Exercise objective >> Using the data below, gather each line that includes the word "assms".

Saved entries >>
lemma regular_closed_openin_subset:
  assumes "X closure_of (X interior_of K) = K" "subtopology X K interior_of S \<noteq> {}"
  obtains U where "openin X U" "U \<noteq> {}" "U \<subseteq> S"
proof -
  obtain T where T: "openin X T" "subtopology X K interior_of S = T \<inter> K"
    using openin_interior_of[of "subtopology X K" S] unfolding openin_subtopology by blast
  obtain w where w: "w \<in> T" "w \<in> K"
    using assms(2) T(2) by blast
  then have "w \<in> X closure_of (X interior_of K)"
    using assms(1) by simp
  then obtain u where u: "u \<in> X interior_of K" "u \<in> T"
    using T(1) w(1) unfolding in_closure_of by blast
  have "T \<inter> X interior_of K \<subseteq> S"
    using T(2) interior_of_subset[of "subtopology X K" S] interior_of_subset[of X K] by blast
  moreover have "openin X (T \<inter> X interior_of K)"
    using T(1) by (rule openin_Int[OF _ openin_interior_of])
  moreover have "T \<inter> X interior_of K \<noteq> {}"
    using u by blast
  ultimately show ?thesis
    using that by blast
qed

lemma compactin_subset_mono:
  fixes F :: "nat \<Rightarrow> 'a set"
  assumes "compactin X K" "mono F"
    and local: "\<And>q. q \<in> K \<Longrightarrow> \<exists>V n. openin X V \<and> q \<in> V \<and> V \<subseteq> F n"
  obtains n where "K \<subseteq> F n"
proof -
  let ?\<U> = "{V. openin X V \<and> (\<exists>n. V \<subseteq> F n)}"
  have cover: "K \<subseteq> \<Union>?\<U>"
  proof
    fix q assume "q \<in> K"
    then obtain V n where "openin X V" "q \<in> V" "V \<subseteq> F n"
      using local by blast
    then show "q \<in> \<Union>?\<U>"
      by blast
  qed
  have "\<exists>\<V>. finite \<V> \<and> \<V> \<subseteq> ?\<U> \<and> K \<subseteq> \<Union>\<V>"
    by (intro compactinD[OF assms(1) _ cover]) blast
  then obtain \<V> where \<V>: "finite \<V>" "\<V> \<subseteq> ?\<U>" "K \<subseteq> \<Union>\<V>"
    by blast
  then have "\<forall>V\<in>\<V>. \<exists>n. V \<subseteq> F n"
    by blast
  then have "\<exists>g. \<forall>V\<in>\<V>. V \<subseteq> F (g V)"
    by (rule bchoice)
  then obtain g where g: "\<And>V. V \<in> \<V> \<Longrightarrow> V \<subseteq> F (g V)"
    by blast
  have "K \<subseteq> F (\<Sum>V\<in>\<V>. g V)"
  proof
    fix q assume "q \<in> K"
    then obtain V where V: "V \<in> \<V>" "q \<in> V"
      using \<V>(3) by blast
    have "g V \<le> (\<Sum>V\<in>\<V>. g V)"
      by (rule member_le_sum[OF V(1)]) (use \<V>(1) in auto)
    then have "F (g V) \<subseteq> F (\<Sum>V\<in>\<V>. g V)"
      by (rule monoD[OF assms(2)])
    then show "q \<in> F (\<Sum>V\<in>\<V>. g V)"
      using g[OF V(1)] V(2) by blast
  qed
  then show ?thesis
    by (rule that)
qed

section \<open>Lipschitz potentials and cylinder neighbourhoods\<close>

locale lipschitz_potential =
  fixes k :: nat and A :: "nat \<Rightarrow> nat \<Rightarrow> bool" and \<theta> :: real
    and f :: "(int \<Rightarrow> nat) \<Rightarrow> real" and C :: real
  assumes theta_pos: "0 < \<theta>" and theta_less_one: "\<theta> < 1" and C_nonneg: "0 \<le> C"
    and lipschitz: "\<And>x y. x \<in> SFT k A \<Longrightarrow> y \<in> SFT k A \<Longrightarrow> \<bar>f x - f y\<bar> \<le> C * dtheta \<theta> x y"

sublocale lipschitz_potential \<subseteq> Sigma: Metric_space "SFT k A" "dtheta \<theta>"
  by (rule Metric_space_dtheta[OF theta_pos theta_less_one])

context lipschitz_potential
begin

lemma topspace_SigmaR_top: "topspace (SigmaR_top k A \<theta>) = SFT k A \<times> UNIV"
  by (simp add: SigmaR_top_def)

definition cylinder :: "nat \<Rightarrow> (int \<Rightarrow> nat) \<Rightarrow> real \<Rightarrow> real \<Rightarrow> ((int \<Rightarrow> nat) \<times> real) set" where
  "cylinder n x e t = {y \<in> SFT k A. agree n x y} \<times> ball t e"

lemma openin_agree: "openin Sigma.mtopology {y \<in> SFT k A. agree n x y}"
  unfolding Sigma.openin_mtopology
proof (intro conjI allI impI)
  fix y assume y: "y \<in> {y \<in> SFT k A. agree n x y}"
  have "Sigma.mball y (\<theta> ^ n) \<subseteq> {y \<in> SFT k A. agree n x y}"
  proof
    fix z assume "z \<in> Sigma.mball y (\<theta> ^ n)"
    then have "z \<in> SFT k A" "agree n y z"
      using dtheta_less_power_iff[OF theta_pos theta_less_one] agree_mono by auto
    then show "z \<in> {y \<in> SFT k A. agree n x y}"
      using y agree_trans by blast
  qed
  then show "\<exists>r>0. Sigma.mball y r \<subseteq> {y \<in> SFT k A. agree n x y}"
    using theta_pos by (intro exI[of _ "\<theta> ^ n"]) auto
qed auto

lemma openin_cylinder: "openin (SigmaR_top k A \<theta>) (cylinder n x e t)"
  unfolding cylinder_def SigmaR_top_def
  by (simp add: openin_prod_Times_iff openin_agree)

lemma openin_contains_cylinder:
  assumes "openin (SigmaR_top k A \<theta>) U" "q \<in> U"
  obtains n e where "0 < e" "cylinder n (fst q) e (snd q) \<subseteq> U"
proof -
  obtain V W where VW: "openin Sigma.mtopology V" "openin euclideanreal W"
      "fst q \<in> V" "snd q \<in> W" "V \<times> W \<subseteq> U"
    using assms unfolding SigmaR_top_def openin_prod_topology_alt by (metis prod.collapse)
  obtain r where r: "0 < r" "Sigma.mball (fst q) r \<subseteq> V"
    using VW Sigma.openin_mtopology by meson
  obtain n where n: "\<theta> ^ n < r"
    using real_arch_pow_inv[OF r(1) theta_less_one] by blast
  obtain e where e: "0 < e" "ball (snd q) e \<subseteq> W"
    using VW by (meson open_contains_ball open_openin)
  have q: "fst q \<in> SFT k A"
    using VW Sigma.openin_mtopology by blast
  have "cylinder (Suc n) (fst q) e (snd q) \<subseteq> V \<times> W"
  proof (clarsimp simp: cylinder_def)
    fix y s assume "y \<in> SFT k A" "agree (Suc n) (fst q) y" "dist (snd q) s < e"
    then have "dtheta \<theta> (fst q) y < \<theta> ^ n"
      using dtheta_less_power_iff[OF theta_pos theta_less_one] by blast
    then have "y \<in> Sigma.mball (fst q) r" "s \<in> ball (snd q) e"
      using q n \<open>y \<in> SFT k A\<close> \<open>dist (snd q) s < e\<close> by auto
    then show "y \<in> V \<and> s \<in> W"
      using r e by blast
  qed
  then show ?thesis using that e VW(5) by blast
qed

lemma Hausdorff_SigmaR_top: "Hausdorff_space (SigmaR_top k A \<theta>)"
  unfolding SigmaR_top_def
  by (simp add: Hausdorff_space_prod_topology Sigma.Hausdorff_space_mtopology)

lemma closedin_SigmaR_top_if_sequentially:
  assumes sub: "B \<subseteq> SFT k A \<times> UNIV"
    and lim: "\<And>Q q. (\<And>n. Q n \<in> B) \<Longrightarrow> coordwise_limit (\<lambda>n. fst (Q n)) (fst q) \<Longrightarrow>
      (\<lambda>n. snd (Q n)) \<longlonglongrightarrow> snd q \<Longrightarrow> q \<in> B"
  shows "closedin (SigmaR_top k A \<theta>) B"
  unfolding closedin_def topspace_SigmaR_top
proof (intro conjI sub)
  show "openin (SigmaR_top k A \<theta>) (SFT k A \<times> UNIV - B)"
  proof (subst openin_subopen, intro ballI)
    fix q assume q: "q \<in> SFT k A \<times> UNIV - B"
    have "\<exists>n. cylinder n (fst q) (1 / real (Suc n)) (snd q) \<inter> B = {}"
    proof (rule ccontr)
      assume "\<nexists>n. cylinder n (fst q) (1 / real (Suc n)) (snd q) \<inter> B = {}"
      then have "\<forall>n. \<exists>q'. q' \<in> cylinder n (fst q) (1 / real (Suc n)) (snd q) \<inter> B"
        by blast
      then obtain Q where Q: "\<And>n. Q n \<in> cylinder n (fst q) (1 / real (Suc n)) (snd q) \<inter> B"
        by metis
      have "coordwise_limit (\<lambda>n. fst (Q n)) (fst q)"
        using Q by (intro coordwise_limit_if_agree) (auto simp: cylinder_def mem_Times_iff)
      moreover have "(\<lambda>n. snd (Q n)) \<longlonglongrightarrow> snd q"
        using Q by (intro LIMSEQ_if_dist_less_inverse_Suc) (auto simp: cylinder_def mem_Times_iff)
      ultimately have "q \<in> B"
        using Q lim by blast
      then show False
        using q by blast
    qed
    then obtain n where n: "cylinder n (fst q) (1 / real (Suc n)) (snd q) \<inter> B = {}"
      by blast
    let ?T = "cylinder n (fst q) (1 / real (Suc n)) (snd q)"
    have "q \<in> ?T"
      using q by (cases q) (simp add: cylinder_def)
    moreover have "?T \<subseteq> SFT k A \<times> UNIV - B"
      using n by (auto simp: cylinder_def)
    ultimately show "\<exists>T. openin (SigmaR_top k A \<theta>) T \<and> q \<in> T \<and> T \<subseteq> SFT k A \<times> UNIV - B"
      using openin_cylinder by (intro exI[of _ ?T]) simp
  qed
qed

--

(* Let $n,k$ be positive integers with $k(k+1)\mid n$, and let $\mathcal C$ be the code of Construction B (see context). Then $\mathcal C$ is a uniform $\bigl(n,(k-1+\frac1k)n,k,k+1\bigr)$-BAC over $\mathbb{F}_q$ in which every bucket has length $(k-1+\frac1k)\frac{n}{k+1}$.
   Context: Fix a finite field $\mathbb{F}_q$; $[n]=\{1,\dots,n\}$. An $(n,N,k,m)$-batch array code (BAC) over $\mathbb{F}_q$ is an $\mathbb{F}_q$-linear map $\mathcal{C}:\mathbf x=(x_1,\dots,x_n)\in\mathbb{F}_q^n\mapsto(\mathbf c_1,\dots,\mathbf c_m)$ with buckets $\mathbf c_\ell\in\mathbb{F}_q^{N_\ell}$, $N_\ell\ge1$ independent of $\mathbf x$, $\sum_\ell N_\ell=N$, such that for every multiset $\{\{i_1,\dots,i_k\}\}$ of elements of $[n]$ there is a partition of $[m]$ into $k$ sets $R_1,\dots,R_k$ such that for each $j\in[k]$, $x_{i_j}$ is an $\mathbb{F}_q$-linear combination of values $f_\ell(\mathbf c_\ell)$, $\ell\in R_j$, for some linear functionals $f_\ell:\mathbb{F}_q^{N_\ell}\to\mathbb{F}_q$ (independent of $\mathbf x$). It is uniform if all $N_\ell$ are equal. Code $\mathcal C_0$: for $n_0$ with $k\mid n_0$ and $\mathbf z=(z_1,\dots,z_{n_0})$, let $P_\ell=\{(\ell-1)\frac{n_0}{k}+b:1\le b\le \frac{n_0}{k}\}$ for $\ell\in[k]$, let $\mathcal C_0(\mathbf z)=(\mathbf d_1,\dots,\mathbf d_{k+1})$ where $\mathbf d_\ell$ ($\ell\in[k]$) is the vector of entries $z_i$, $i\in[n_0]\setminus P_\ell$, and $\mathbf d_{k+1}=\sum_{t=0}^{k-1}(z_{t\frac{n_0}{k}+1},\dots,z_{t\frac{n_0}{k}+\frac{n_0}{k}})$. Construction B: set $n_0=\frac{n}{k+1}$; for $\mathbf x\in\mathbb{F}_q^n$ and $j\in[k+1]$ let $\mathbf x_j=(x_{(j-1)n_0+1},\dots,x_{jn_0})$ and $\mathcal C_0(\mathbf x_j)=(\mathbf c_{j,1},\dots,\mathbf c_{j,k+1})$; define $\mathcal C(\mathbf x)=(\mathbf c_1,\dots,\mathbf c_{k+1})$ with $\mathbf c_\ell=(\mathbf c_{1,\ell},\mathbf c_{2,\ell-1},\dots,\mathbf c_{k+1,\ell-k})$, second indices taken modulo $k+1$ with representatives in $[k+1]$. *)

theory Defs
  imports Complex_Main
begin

Written response >>
    using assms(2) T(2) by blast
    using assms(1) by simp
    by (intro compactinD[OF assms(1) _ cover]) blast
      by (rule monoD[OF assms(2)])
    using assms unfolding SigmaR_top_def openin_prod_topology_alt by (metis prod.collapse)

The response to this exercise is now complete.